Yet, despite all attempts to sanitize the festival, it seems we can’t quite manage to remove its teeth. There’s something dark and brooding in the air this time of year, something waiting for darkness to fall. Across the USA, this manifests in annual scare headlines about the ‘Halloween Poisoner’, the apocryphal child-killer stuffing strychnine into fun-size Snickers and loading apples with razor blades (FACT: child fatalities at Halloween tend to be victims of their friends and family, like unfortunate 8 year-old Timothy Clark O’Bryan, poisoned by his father, Ronald ‘The Candyman’, for a $20,000 life insurance payout). It manifests in ‘Mischief Night’, which is actually October 30, but has become identified with Halloween, when teenagers rampage through neighborhoods pulling pranks, TPing properties, and in Ontario, tossing rotten cabbages about. It manifests in Detroit as ‘Devils’ Night’, a citywide vandalism and arson spree that reached a terrifying peak in the 1980s, with 800 fires set overnight.
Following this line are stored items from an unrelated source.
(* Let $(\Omega,\mathcal F,\mathbb P)$ be a probability space, let $\mathfrak d,N\in\mathbb N$, $a\in\mathbb R$, $b\in(a,\infty)$, $\vartheta\in[a,b]^{\mathfrak d}$, $L,\varepsilon\in(0,\infty)$, let $\mathfrak E\colon[a,b]^{\mathfrak d}\times\Omega\to\mathbb R$ be $(\mathcal B([a,b]^{\mathfrak d})\otimes\mathcal F)/\mathcal B(\mathbb R)$-measurable with $|\mathfrak E(x,\omega)-\mathfrak E(y,\omega)|\le L\|x-y\|_\infty$ for all $x,y\in[a,b]^{\mathfrak d}$, $\omega\in\Omega$, and let $\Theta_n\colon\Omega\to[a,b]^{\mathfrak d}$, $n\in\{1,\dots,N\}$, be i.i.d. random variables with $\Theta_1$ continuous uniformly distributed on $[a,b]^{\mathfrak d}$. Then, writing $\mathfrak E(\Theta_n)$ for $\omega\mapsto\mathfrak E(\Theta_n(\omega),\omega)$, $$\mathbb P\Bigl(\bigl[\min_{n\in\{1,\dots,N\}}\mathfrak E(\Theta_n)\bigr]-\mathfrak E(\vartheta)>\varepsilon\Bigr)\le\exp\Bigl(-N\min\Bigl\{1,\frac{\varepsilon^{\mathfrak d}}{L^{\mathfrak d}(b-a)^{\mathfrak d}}\Bigr\}\Bigr).$$
   Context: $\|\cdot\|_\infty$ is the maximum norm on $\mathbb R^{\mathfrak d}$. *)

theory Defs
  imports "HOL-Probability.Probability"
begin

definition cube :: "real \<Rightarrow> real \<Rightarrow> (real ^ 'd) set" where
  "cube a b = {x. \<forall>i. a \<le> x $ i \<and> x $ i \<le> b}"

end

theory Submission
  imports Defs
begin

text \<open>If the minimum exceeds \<open>E(\<theta>, \<omega>) + \<epsilon>\<close>, the Lipschitz bound forces every \<open>\<Theta>\<^sub>n(\<omega>)\<close>
  to avoid the box \<open>K\<close> of points of the cube within sup-distance \<open>\<epsilon>/L\<close> of \<open>\<theta>\<close>. Since
  \<open>\<theta>\<close> lies in the cube, \<open>K\<close> has side lengths at least \<open>min (\<epsilon>/L) (b - a)\<close>, so a uniform
  sample misses \<open>K\<close> with probability at most \<open>1 - p\<close> where
  \<open>p = min 1 ((\<epsilon> / (L (b - a)))\<^sup>d)\<close>. By independence all \<open>N\<close> samples miss it with probability
  at most \<open>(1 - p)\<^sup>N \<le> exp (-N p)\<close>.\<close>

lemma cube_eq_cbox: "cube a b = cbox (\<chi> i. a) (\<chi> i. b :: real^'d)"
  by (auto simp: cube_def mem_box_cart)

lemma measure_lborel_cube:
  assumes "a \<le> b"
  shows "measure lborel (cube a b :: (real^'d) set) = (b - a) ^ CARD('d)"
proof -
  have "(\<chi> i. a) \<in> cbox (\<chi> i. a) (\<chi> i. b :: real^'d)"
    using assms by (simp add: mem_box_cart)
  then have "cbox (\<chi> i. a) (\<chi> i. b :: real^'d) \<noteq> {}"
    by blast
  then show ?thesis
    by (simp add: cube_eq_cbox content_cbox_cart)
qed

lemma infnorm_le_cart:
  fixes x :: "real^'d"
  assumes "\<And>i. \<bar>x $ i\<bar> \<le> r"
  shows "infnorm x \<le> r"
  unfolding infnorm_cart by (rule cSup_least) (use assms in auto)

lemma measure_lborel_cbox_cart_ge:
  fixes u v :: "real^'d"
  assumes "0 \<le> m" and "\<And>i. m \<le> v $ i - u $ i"
  shows "m ^ CARD('d) \<le> measure lborel (cbox u v)"
proof -
  have "u $ i \<le> v $ i" for i
    using assms(1) assms(2)[of i] by linarith
  then have "u \<in> cbox u v"
    by (simp add: mem_box_cart)
  then have "cbox u v \<noteq> {}"
    by blast
  then have "measure lborel (cbox u v) = (\<Prod>i\<in>UNIV. v $ i - u $ i)"
    by (simp add: content_cbox_cart)
  moreover have "(\<Prod>i\<in>(UNIV::'d set). m) \<le> (\<Prod>i\<in>UNIV. v $ i - u $ i)"
    using assms by (intro prod_mono) auto
  ultimately show ?thesis
    by simp
qed

lemma cube_contains_box_around:
  fixes \<theta> :: "real^'d"
  assumes "a \<le> b" and "\<theta> \<in> cube a b" and "0 \<le> r"
  obtains K where "K \<subseteq> cube a b" and "K \<in> sets lborel"
    and "\<And>x. x \<in> K \<Longrightarrow> infnorm (x - \<theta>) \<le> r"
    and "min r (b - a) ^ CARD('d) \<le> measure lborel K"
proof
  let ?u = "\<chi> i. max a (\<theta> $ i - r)" and ?v = "\<chi> i. min b (\<theta> $ i + r)"
  have \<theta>: "a \<le> \<theta> $ i" "\<theta> $ i \<le> b" for i
    using assms(2) by (auto simp: cube_def)
  show "cbox ?u ?v \<subseteq> cube a b"
    by (auto simp: cube_def mem_box_cart)
  show "cbox ?u ?v \<in> sets lborel"
    by simp
  show "infnorm (x - \<theta>) \<le> r" if "x \<in> cbox ?u ?v" for x
  proof (rule infnorm_le_cart)
    fix i
    show "\<bar>(x - \<theta>) $ i\<bar> \<le> r"
      using that unfolding mem_box_cart by (auto simp: abs_le_iff dest: spec[where x = i])
  qed
  show "min r (b - a) ^ CARD('d) \<le> measure lborel (cbox ?u ?v)"
  proof (rule measure_lborel_cbox_cart_ge)
    show "0 \<le> min r (b - a)"
      using assms(1,3) by simp
    show "min r (b - a) \<le> ?v $ i - ?u $ i" for i
      using \<theta>[of i] assms(3) by (auto simp: min_def max_def)
  qed
qed

lemma Min_excess_subset_avoiding:
  fixes E :: "'x \<times> 'w \<Rightarrow> real"
  assumes "finite I"
    and "\<And>n \<omega>. n \<in> I \<Longrightarrow> \<omega> \<in> space M \<Longrightarrow> X n \<omega> \<in> Q"
    and "\<And>x \<omega>. x \<in> K \<Longrightarrow> \<omega> \<in> space M \<Longrightarrow> E (x, \<omega>) - E (\<theta>, \<omega>) \<le> \<epsilon>"
  shows "{\<omega> \<in> space M. Min ((\<lambda>n. E (X n \<omega>, \<omega>)) ` I) - E (\<theta>, \<omega>) > \<epsilon>}
    \<subseteq> (\<Inter>n\<in>I. X n -` (Q - K) \<inter> space M)"
proof
  fix \<omega>
  assume "\<omega> \<in> {\<omega> \<in> space M. Min ((\<lambda>n. E (X n \<omega>, \<omega>)) ` I) - E (\<theta>, \<omega>) > \<epsilon>}"
  then have \<omega>: "\<omega> \<in> space M" "\<epsilon> < Min ((\<lambda>n. E (X n \<omega>, \<omega>)) ` I) - E (\<theta>, \<omega>)"
    by simp_all
  show "\<omega> \<in> (\<Inter>n\<in>I. X n -` (Q - K) \<inter> space M)"
  proof (intro INT_I IntI vimageI2 \<omega>(1))
    fix n
    assume "n \<in> I"
    then have "Min ((\<lambda>n. E (X n \<omega>, \<omega>)) ` I) \<le> E (X n \<omega>, \<omega>)"
      using assms(1) by (intro Min_le) auto
    then have "X n \<omega> \<notin> K"
      using assms(3)[of "X n \<omega>" \<omega>] \<omega> by force
    then show "X n \<omega> \<in> Q - K"
      using assms(2) \<open>n \<in> I\<close> \<omega>(1) by blast
  qed
qed

lemma (in prob_space) prob_INT_vimage_iid:
  assumes "indep_vars (\<lambda>_. F) X I" and "finite I" and "j \<in> I"
    and "\<And>i. i \<in> I \<Longrightarrow> distr M F (X i) = distr M F (X j)"
    and "A \<in> sets F"
  shows "prob (\<Inter>i\<in>I. X i -` A \<inter> space M) = prob (X j -` A \<inter> space M) ^ card I"
proof -
  have X: "X i \<in> measurable M F" if "i \<in> I" for i
    using assms(1) that by (simp add: indep_vars_def2)
  have "prob (X i -` A \<inter> space M) = prob (X j -` A \<inter> space M)" if "i \<in> I" for i
    using assms(4,5) X[OF that] X[OF assms(3)] that
    by (metis measure_distr)
  moreover have "prob (\<Inter>i\<in>I. X i -` A \<inter> space M) = (\<Prod>i\<in>I. prob (X i -` A \<inter> space M))"
    using assms(1-3,5) unfolding indep_vars_def2 by (intro indep_setsD) auto
  ultimately show ?thesis
    by simp
qed

lemma (in prob_space) prob_uniform_Diff:
  assumes "distr M lborel X = uniform_measure lborel Q" and "X \<in> borel_measurable M"
    and "emeasure lborel Q \<noteq> 0" and "emeasure lborel Q \<noteq> \<infinity>"
    and "Q \<in> sets borel" and "K \<in> sets borel" and "K \<subseteq> Q"
  shows "prob (X -` (Q - K) \<inter> space M) = 1 - measure lborel K / measure lborel Q"
proof -
  have "measure lborel Q \<noteq> 0"
    using assms(3,4) by (simp add: emeasure_eq_ennreal_measure)
  moreover have "prob (X -` (Q - K) \<inter> space M) = measure (distr M lborel X) (Q - K)"
    using assms(2,5,6) by (simp add: measure_distr)
  moreover have "\<dots> = measure lborel (Q - K) / measure lborel Q"
    using assms(1,3-6) by (simp add: Int_absorb1)
  moreover have "measure lborel (Q - K) = measure lborel Q - measure lborel K"
    using assms(4-7) by (simp add: measure_Diff)
  ultimately show ?thesis
    by (simp add: diff_divide_distrib)
qed

lemma (in prob_space) prob_uniform_cube_Diff:
  fixes X :: "'a \<Rightarrow> real^'d"
  assumes "distr M lborel X = uniform_measure lborel (cube a b)" and "X \<in> borel_measurable M"
    and "a < b" and "K \<in> sets borel" and "K \<subseteq> cube a b"
  shows "prob (X -` (cube a b - K) \<inter> space M) = 1 - measure lborel K / (b - a) ^ CARD('d)"
proof -
  have finite: "emeasure lborel (cube a b :: (real^'d) set) \<noteq> \<infinity>"
    using emeasure_lborel_cbox_finite by (simp add: cube_eq_cbox less_top)
  have volume: "measure lborel (cube a b :: (real^'d) set) = (b - a) ^ CARD('d)"
    using assms(3) by (simp add: measure_lborel_cube)
  then have "emeasure lborel (cube a b :: (real^'d) set) \<noteq> 0"
    using finite assms(3) by (simp add: emeasure_eq_ennreal_measure)
  with finite volume show ?thesis
    using assms by (subst prob_uniform_Diff) (auto simp: cube_eq_cbox)
qed

lemma one_minus_power_le_exp:
  fixes p :: real
  assumes "p \<le> 1"
  shows "(1 - p) ^ n \<le> exp (- real n * p)"
proof -
  have "(1 - p) ^ n \<le> exp (- p) ^ n"
    using assms exp_ge_add_one_self[of "- p"] by (intro power_mono) auto
  then show ?thesis
    by (simp add: exp_of_nat_mult[symmetric])
qed

lemma min_one_power:
  fixes x :: real
  assumes "0 \<le> x"
  shows "min 1 x ^ n = min 1 (x ^ n)"
  using assms power_le_one[of x n] one_le_power[of x n] by (auto simp: min_def)

lemma min_one_power_div_le:
  fixes r c m :: real
  assumes "0 \<le> r" and "0 < c" and "min r c ^ n \<le> m"
  shows "min 1 (r ^ n / c ^ n) \<le> m / c ^ n"
proof -
  have "min 1 (r ^ n / c ^ n) = min 1 (r / c) ^ n"
    using assms(1,2) by (simp add: min_one_power power_divide)
  also have "min 1 (r / c) = min r c / c"
    using assms(2) by (simp add: min_divide_distrib_right min.commute)
  also have "(min r c / c) ^ n = min r c ^ n / c ^ n"
    by (rule power_divide)
  also have "\<dots> \<le> m / c ^ n"
    using assms(2,3) by (simp add: divide_right_mono)
  finally show ?thesis .
qed

theorem lemma3p23:
  fixes M :: "'w measure"
    and N :: nat and a b L \<epsilon> :: real
    and \<theta>0 :: "real ^ 'd"
    and E :: "(real ^ 'd) \<times> 'w \<Rightarrow> real"
    and \<Theta> :: "nat \<Rightarrow> 'w \<Rightarrow> real ^ 'd"
  assumes "prob_space M"
    and "N \<ge> 1"
    and "a < b"
    and "\<theta>0 \<in> cube a b"
    and "L > 0" and "\<epsilon> > 0"
    and "E \<in> borel_measurable (restrict_space borel (cube a b) \<Otimes>\<^sub>M M)"
    and "\<And>x y \<omega>. x \<in> cube a b \<Longrightarrow> y \<in> cube a b \<Longrightarrow> \<omega> \<in> space M \<Longrightarrow>
           \<bar>E (x, \<omega>) - E (y, \<omega>)\<bar> \<le> L * infnorm (x - y)"
    and "\<And>n. n \<in> {1..N} \<Longrightarrow> \<Theta> n \<in> measurable M (restrict_space borel (cube a b))"
    and "prob_space.indep_vars M (\<lambda>_. restrict_space borel (cube a b)) \<Theta> {1..N}"
    and "\<And>n. n \<in> {1..N} \<Longrightarrow>
           distr M (restrict_space borel (cube a b)) (\<Theta> n) = distr M (restrict_space borel (cube a b)) (\<Theta> 1)"
    and "distr M lborel (\<Theta> 1) = uniform_measure lborel (cube a b)"
  shows "measure M {\<omega> \<in> space M.
            Min ((\<lambda>n. E (\<Theta> n \<omega>, \<omega>)) ` {1..N}) - E (\<theta>0, \<omega>) > \<epsilon>}
         \<le> exp (- real N * min 1 (\<epsilon> ^ CARD('d) / (L ^ CARD('d) * (b - a) ^ CARD('d))))"
proof -
  interpret prob_space M by fact
  let ?Q = "cube a b :: (real^'d) set" and ?d = "CARD('d)"
    and ?S = "{\<omega> \<in> space M. Min ((\<lambda>n. E (\<Theta> n \<omega>, \<omega>)) ` {1..N}) - E (\<theta>0, \<omega>) > \<epsilon>}"
  define p where "p = min 1 (\<epsilon> ^ ?d / (L ^ ?d * (b - a) ^ ?d))"
  obtain K where K: "K \<subseteq> ?Q" "K \<in> sets lborel" "\<And>x. x \<in> K \<Longrightarrow> infnorm (x - \<theta>0) \<le> \<epsilon> / L"
    and measure_K: "min (\<epsilon> / L) (b - a) ^ ?d \<le> measure lborel K"
    using cube_contains_box_around[of a b \<theta>0 "\<epsilon> / L"] assms(3-6) by auto
  have \<Theta>: "\<Theta> n \<in> borel_measurable M" "\<And>\<omega>. \<omega> \<in> space M \<Longrightarrow> \<Theta> n \<omega> \<in> ?Q" if "n \<in> {1..N}" for n
    using assms(9)[OF that] by (auto simp: measurable_restrict_space2_iff)
  have Diff_K: "?Q - K \<in> sets (restrict_space borel ?Q)"
    using K(1,2) by (auto simp: sets_restrict_space_iff cube_eq_cbox)
  define T where "T = (\<Inter>n\<in>{1..N}. \<Theta> n -` (?Q - K) \<inter> space M)"
  have "E (x, \<omega>) - E (\<theta>0, \<omega>) \<le> \<epsilon>" if "x \<in> K" "\<omega> \<in> space M" for x \<omega>
    using mult_left_mono[OF K(3)[OF that(1)], of L] assms(4,5) assms(8)[of x \<theta>0 \<omega>] K(1) that
    by auto
  then have "?S \<subseteq> T"
    unfolding T_def using \<Theta>(2) by (intro Min_excess_subset_avoiding) auto
  \<comment> \<open>Only \<open>T\<close> has to be an event.\<close>
  moreover have "T \<in> events"
    unfolding T_def using assms(2)
    by (intro sets.finite_INT measurable_sets[OF assms(9)] Diff_K) auto
  ultimately have "measure M ?S \<le> prob T"
    by (rule finite_measure_mono)
  also have "prob T = prob (\<Theta> 1 -` (?Q - K) \<inter> space M) ^ N"
    unfolding T_def using prob_INT_vimage_iid[OF assms(10) _ _ assms(11) Diff_K] assms(2) by simp
  also have "\<dots> \<le> (1 - p) ^ N"
  proof (rule power_mono)
    have "p \<le> measure lborel K / (b - a) ^ ?d"
      using min_one_power_div_le[OF _ _ measure_K] assms(3,5,6)
      by (simp add: p_def power_divide power_mult_distrib mult.commute)
    then show "prob (\<Theta> 1 -` (?Q - K) \<inter> space M) \<le> 1 - p"
      using prob_uniform_cube_Diff[OF assms(12)] \<Theta>(1) assms(2,3) K(1,2) by simp
  qed simp
  also have "\<dots> \<le> exp (- real N * p)"
    by (rule one_minus_power_le_exp) (simp add: p_def)
  finally show ?thesis
    by (simp add: p_def)
qed

end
It manifests in the increasing sexualization of Halloween costumes, for both adults and kids. When the ancient Celts devoted the night to entertaining and placating evil spirits so that they and their families came to no harm, they might have been on point.
Anyone who has read Neil Gaiman’s American Gods knows that we carry ancient divinities and their demands forward into history with us, even if we fail to placate them through tribute, even if our indifference reduces them to running a funeral parlor in Cairo, Illinois. Our supposedly secular culture sits on layer upon layer of religious belief. Halloween represents the one night of the year when we allow some of those deeper layers to surface. Just as it always has done.
Thanks to electric light, central heating and thermal underwear, we don’t fear the coming of winter as we once did. Modern medicine and nutrition keep the cruelties of death at bay. Halloween has outlived its original purpose – which is why, superficially, it’s been downgraded to “International Orange And Black Day”. But we can’t seem to let its intrinsic meaning go. For more than three thousand years we’ve been going through the same motions, dancing the same dance, wearing the same masks, offering up the same cakes and fruits. Deep down, whether we articulate them or not, we have the same intentions, the same need to acknowledge there aren’t so many differences between the living and the dead, and that, once a year or so, we should all hang out and party.
Tonight, once your identity is hidden safely behind a mask and a jack-o-lantern casts his protective glow around your home, forget the rampant commercialism and enjoy your masquerade with the spirits. Carouse and cavort all you can because you have no way of knowing, next time October 31st rolls around, which side of the veil your shade will fall.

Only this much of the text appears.